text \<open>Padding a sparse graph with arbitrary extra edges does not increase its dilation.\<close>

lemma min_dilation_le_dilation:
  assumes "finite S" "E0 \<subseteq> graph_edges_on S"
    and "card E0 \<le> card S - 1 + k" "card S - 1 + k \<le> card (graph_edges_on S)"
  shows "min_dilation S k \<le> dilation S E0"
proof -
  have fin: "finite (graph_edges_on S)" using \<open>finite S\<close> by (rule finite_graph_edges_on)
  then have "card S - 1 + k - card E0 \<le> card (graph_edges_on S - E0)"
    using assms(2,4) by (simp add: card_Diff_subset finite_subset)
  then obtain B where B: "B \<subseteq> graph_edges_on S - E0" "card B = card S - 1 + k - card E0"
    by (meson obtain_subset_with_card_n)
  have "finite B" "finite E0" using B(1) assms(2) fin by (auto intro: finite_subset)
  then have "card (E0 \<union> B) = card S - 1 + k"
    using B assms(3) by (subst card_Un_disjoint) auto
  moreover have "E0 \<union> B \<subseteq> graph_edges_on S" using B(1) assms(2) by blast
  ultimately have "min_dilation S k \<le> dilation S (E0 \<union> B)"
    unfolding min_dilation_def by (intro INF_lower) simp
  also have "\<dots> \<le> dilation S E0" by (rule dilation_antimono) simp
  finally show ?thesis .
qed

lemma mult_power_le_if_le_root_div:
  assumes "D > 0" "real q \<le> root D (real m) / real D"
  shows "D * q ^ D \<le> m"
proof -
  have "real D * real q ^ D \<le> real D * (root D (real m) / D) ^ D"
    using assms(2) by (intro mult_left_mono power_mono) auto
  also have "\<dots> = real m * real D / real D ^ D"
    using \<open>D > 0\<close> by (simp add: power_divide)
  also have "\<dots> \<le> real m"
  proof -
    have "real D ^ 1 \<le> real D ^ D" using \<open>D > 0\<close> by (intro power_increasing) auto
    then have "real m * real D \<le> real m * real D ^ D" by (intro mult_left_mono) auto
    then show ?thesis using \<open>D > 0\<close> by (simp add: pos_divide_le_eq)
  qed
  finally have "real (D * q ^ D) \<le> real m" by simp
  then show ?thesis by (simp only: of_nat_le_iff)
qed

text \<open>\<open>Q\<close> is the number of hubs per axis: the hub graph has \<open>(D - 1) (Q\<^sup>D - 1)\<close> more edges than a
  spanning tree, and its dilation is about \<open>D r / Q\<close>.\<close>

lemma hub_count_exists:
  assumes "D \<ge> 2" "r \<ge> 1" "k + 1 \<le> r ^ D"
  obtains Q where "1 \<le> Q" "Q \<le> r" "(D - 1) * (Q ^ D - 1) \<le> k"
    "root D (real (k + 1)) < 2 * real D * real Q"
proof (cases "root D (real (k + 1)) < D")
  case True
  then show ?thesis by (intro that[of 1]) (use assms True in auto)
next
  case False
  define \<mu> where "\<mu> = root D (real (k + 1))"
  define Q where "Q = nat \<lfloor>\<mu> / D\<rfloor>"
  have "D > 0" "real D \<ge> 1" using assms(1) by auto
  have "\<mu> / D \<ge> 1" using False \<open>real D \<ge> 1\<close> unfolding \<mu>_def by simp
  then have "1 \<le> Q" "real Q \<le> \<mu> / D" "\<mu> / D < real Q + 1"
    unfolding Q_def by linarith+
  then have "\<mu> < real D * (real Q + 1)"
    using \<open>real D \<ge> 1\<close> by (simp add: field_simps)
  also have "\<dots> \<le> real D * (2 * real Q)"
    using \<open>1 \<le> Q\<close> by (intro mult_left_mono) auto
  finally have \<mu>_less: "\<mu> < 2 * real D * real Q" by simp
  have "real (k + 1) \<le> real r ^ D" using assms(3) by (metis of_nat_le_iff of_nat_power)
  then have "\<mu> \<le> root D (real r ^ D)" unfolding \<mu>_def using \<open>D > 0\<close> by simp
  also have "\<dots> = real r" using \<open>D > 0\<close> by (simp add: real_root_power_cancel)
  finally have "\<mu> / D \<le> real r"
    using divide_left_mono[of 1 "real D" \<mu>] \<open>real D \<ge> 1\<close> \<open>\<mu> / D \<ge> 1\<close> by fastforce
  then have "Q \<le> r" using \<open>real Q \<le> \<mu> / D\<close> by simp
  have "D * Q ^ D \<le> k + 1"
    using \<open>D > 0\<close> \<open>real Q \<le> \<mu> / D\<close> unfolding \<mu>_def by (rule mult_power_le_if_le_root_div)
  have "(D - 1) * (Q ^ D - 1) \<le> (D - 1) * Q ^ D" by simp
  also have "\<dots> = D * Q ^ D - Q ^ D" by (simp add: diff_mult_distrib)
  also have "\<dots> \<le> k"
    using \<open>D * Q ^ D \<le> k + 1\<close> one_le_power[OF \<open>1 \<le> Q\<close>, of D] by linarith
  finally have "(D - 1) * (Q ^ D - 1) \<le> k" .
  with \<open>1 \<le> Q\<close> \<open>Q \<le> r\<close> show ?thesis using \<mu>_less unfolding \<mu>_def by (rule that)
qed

- _What is expected_
Word for word, output the records that appear above.

- _Result for this exercise_
text \<open>Padding a sparse graph with arbitrary extra edges does not increase its dilation.\<close>

lemma min_dilation_le_dilation:
  assumes "finite S" "E0 \<subseteq> graph_edges_on S"
    and "card E0 \<le> card S - 1 + k" "card S - 1 + k \<le> card (graph_edges_on S)"
  shows "min_dilation S k \<le> dilation S E0"
proof -
  have fin: "finite (graph_edges_on S)" using \<open>finite S\<close> by (rule finite_graph_edges_on)
  then have "card S - 1 + k - card E0 \<le> card (graph_edges_on S - E0)"
    using assms(2,4) by (simp add: card_Diff_subset finite_subset)
  then obtain B where B: "B \<subseteq> graph_edges_on S - E0" "card B = card S - 1 + k - card E0"
    by (meson obtain_subset_with_card_n)
  have "finite B" "finite E0" using B(1) assms(2) fin by (auto intro: finite_subset)
  then have "card (E0 \<union> B) = card S - 1 + k"
    using B assms(3) by (subst card_Un_disjoint) auto
  moreover have "E0 \<union> B \<subseteq> graph_edges_on S" using B(1) assms(2) by blast
  ultimately have "min_dilation S k \<le> dilation S (E0 \<union> B)"
    unfolding min_dilation_def by (intro INF_lower) simp
  also have "\<dots> \<le> dilation S E0" by (rule dilation_antimono) simp
  finally show ?thesis .
qed

lemma mult_power_le_if_le_root_div:
  assumes "D > 0" "real q \<le> root D (real m) / real D"
  shows "D * q ^ D \<le> m"
proof -
  have "real D * real q ^ D \<le> real D * (root D (real m) / D) ^ D"
    using assms(2) by (intro mult_left_mono power_mono) auto
  also have "\<dots> = real m * real D / real D ^ D"
    using \<open>D > 0\<close> by (simp add: power_divide)
  also have "\<dots> \<le> real m"
  proof -
    have "real D ^ 1 \<le> real D ^ D" using \<open>D > 0\<close> by (intro power_increasing) auto
    then have "real m * real D \<le> real m * real D ^ D" by (intro mult_left_mono) auto
    then show ?thesis using \<open>D > 0\<close> by (simp add: pos_divide_le_eq)
  qed
  finally have "real (D * q ^ D) \<le> real m" by simp
  then show ?thesis by (simp only: of_nat_le_iff)
qed

text \<open>\<open>Q\<close> is the number of hubs per axis: the hub graph has \<open>(D - 1) (Q\<^sup>D - 1)\<close> more edges than a
  spanning tree, and its dilation is about \<open>D r / Q\<close>.\<close>

lemma hub_count_exists:
  assumes "D \<ge> 2" "r \<ge> 1" "k + 1 \<le> r ^ D"
  obtains Q where "1 \<le> Q" "Q \<le> r" "(D - 1) * (Q ^ D - 1) \<le> k"
    "root D (real (k + 1)) < 2 * real D * real Q"
proof (cases "root D (real (k + 1)) < D")
  case True
  then show ?thesis by (intro that[of 1]) (use assms True in auto)
next
  case False
  define \<mu> where "\<mu> = root D (real (k + 1))"
  define Q where "Q = nat \<lfloor>\<mu> / D\<rfloor>"
  have "D > 0" "real D \<ge> 1" using assms(1) by auto
  have "\<mu> / D \<ge> 1" using False \<open>real D \<ge> 1\<close> unfolding \<mu>_def by simp
  then have "1 \<le> Q" "real Q \<le> \<mu> / D" "\<mu> / D < real Q + 1"
    unfolding Q_def by linarith+
  then have "\<mu> < real D * (real Q + 1)"
    using \<open>real D \<ge> 1\<close> by (simp add: field_simps)
  also have "\<dots> \<le> real D * (2 * real Q)"
    using \<open>1 \<le> Q\<close> by (intro mult_left_mono) auto
  finally have \<mu>_less: "\<mu> < 2 * real D * real Q" by simp
  have "real (k + 1) \<le> real r ^ D" using assms(3) by (metis of_nat_le_iff of_nat_power)
  then have "\<mu> \<le> root D (real r ^ D)" unfolding \<mu>_def using \<open>D > 0\<close> by simp
  also have "\<dots> = real r" using \<open>D > 0\<close> by (simp add: real_root_power_cancel)
  finally have "\<mu> / D \<le> real r"
    using divide_left_mono[of 1 "real D" \<mu>] \<open>real D \<ge> 1\<close> \<open>\<mu> / D \<ge> 1\<close> by fastforce
  then have "Q \<le> r" using \<open>real Q \<le> \<mu> / D\<close> by simp
  have "D * Q ^ D \<le> k + 1"
    using \<open>D > 0\<close> \<open>real Q \<le> \<mu> / D\<close> unfolding \<mu>_def by (rule mult_power_le_if_le_root_div)
  have "(D - 1) * (Q ^ D - 1) \<le> (D - 1) * Q ^ D" by simp
  also have "\<dots> = D * Q ^ D - Q ^ D" by (simp add: diff_mult_distrib)
  also have "\<dots> \<le> k"
    using \<open>D * Q ^ D \<le> k + 1\<close> one_le_power[OF \<open>1 \<le> Q\<close>, of D] by linarith
  finally have "(D - 1) * (Q ^ D - 1) \<le> k" .
  with \<open>1 \<le> Q\<close> \<open>Q \<le> r\<close> show ?thesis using \<mu>_less unfolding \<mu>_def by (rule that)
qed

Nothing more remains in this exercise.